Research output: Contribution to journalArticle

Original languageEnglish
Pages (from-to)152-174
JournalIACR Transactions on Cryptographic Hardware and Embedded Systems (TCHES)
Volume2020
Issue number1
DOIs
DateAccepted/In press - 1 Nov 2019
DatePublished (current) - 19 Nov 2019

Abstract

Masking is a well loved and widely deployed countermeasure against side channel attacks, in particular in software. Under certain assumptions (w.r.t. independence and noise level), masking provably prevents attacks up to a certain security order and leads to a predictable increase in the number of required leakages for successful attacks beyond this order. The noise level in typical processors where software masking is used may not be very high, thus low masking orders are not sufficient for real world security. Higher order masking however comes at a great cost, and therefore a number techniques have been published over the years that make such implementations more efficient via parallelisation in the form of bit or share slicing.

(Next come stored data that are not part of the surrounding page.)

(* Let $G=(G_t)_{t\in\mathbb{Z}^N}$ be an $\mathbb{R}^n$-valued stationary increment field. Assume that for some $\delta>0$, $$\mathbb{E}\Big(\ln\|\Delta_{\mathbf 1}G\|\,\mathbb{1}_{\{\|\Delta_{\mathbf 1}G\|>1\}}\Big)^{N+\delta}<\infty,$$ where $\mathbf 1=(1,\dots,1)$ and $\|\cdot\|$ is the Euclidean norm. Then for every $N$-tuple $\Theta$ of pairwise commuting symmetric positive definite $n\times n$ matrices and every $t\in\mathbb{Z}^N$, the iterated limit $$\lim_{M_1\to\infty}\cdots\lim_{M_N\to\infty}\sum_{j_1=-M_1}^{t_1}\cdots\sum_{j_N=-M_N}^{t_N}e^{j\ast\Theta}\Delta_jG$$ converges almost surely (indeed the series is almost surely absolutely convergent); in particular $G\in\mathcal{G}_\Theta$. Moreover, if $G_t=0$ almost surely whenever $t_l=0$ for some $l\in\{1,\dots,N\}$, then the same conclusion holds with $\|\Delta_{\mathbf 1}G\|$ replaced by $\|G_{\mathbf 1}\|=\|G_{1,\dots,1}\|$ in the moment condition, and in this case $G\in\mathcal{G}_{\Theta,0}$ for all such $\Theta$.
   Context: For $t\in\mathbb{Z}^N$ and an $N$-tuple $\Theta=(\Theta_1,\dots,\Theta_N)$ of $n\times n$ matrices, $t\ast\Theta=\sum_{j=1}^N t_j\Theta_j$. For a field $Z=(Z_t)_{t\in\mathbb{Z}^N}$, the unit cube increment is $\Delta_t Z=\sum_{i\in\{0,1\}^N}(-1)^{i_1+\dots+i_N}Z_{t_1-i_1,\dots,t_N-i_N}$. Equality in law of fields means equality of all finite-dimensional distributions. A field $G$ is a stationary increment field if $(\Delta_{t+s}G)_{t\in\mathbb{Z}^N}$ and $(\Delta_tG)_{t\in\mathbb{Z}^N}$ are equal in law for every $s\in\mathbb{Z}^N$. For $\Theta$ an $N$-tuple of pairwise commuting symmetric positive definite matrices, $\mathcal{G}_\Theta$ is the class of stationary increment fields $G$ such that $\lim_{M_1\to\infty}\cdots\lim_{M_N\to\infty}\sum_{j_1=-M_1}^{t_1}\cdots\sum_{j_N=-M_N}^{t_N}e^{j\ast\Theta}\Delta_jG$ converges in probability for every $t\in\mathbb{Z}^N$; $\mathcal{G}_{\Theta,0}$ is the subclass of $G\in\mathcal{G}_\Theta$ with $G_t=0$ a.s. whenever $t_l=0$ for some $l$. *)

theory Defs
  imports "HOL-Analysis.Analysis" "HOL-Probability.Probability"
begin

text \<open>Lattice points in Z^N are functions from a finite index type 'd (with CARD('d) = N) to int.\<close>

definition cube_incr :: "(('d::finite \<Rightarrow> int) \<Rightarrow> 'v::real_vector) \<Rightarrow> ('d \<Rightarrow> int) \<Rightarrow> 'v" where
  "cube_incr Z t = (\<Sum>S\<in>Pow (UNIV::'d set).
      ((-1::real) ^ card S) *\<^sub>R Z (\<lambda>l. t l - (if l \<in> S then 1 else 0)))"

definition stationary_increment ::
  "'a measure \<Rightarrow> (('d::finite \<Rightarrow> int) \<Rightarrow> 'a \<Rightarrow> real^'n) \<Rightarrow> bool" where
  "stationary_increment M G \<longleftrightarrow>
     (\<forall>s S. finite S \<longrightarrow>
        distr M (PiM S (\<lambda>_. borel)) (\<lambda>\<omega>. \<lambda>t\<in>S. cube_incr (\<lambda>u. G u \<omega>) (\<lambda>l. t l + s l))
      = distr M (PiM S (\<lambda>_. borel)) (\<lambda>\<omega>. \<lambda>t\<in>S. cube_incr (\<lambda>u. G u \<omega>) t))"

primrec mat_pow :: "real^'n^'n \<Rightarrow> nat \<Rightarrow> real^'n^'n" where
  "mat_pow A 0 = mat 1"
| "mat_pow A (Suc k) = A ** mat_pow A k"

definition mat_exp :: "real^'n^'n \<Rightarrow> real^'n^'n" where
  "mat_exp A = (\<Sum>k. (1 / fact k) *\<^sub>R mat_pow A k)"

definition sym_pos_def_mat :: "real^'n^'n \<Rightarrow> bool" where
  "sym_pos_def_mat A \<longleftrightarrow> transpose A = A \<and> (\<forall>x. x \<noteq> 0 \<longrightarrow> x \<bullet> (A *v x) > 0)"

We take two highly regarded schemes (ISW and Barthe et al.), and some corresponding open source implementations that make use of share slicing, and discuss their true security on an ARM Cortex-M0 and an ARM Cortex-M3 processor (both from the LPC series). We show that micro-architectural features ofthe M0 and M3 undermine the independence assumptions made in masking proofs and thus their theoretical guarantees do not translate into practice (even worse it seems unpredictable at which order leaks can be expected). Our results demonstrate how difficult it is to link theoretical security proofs to practical real-world security guarantees.

Additional information

The acceptance date for this record is provisional and based upon the month of publication for the article.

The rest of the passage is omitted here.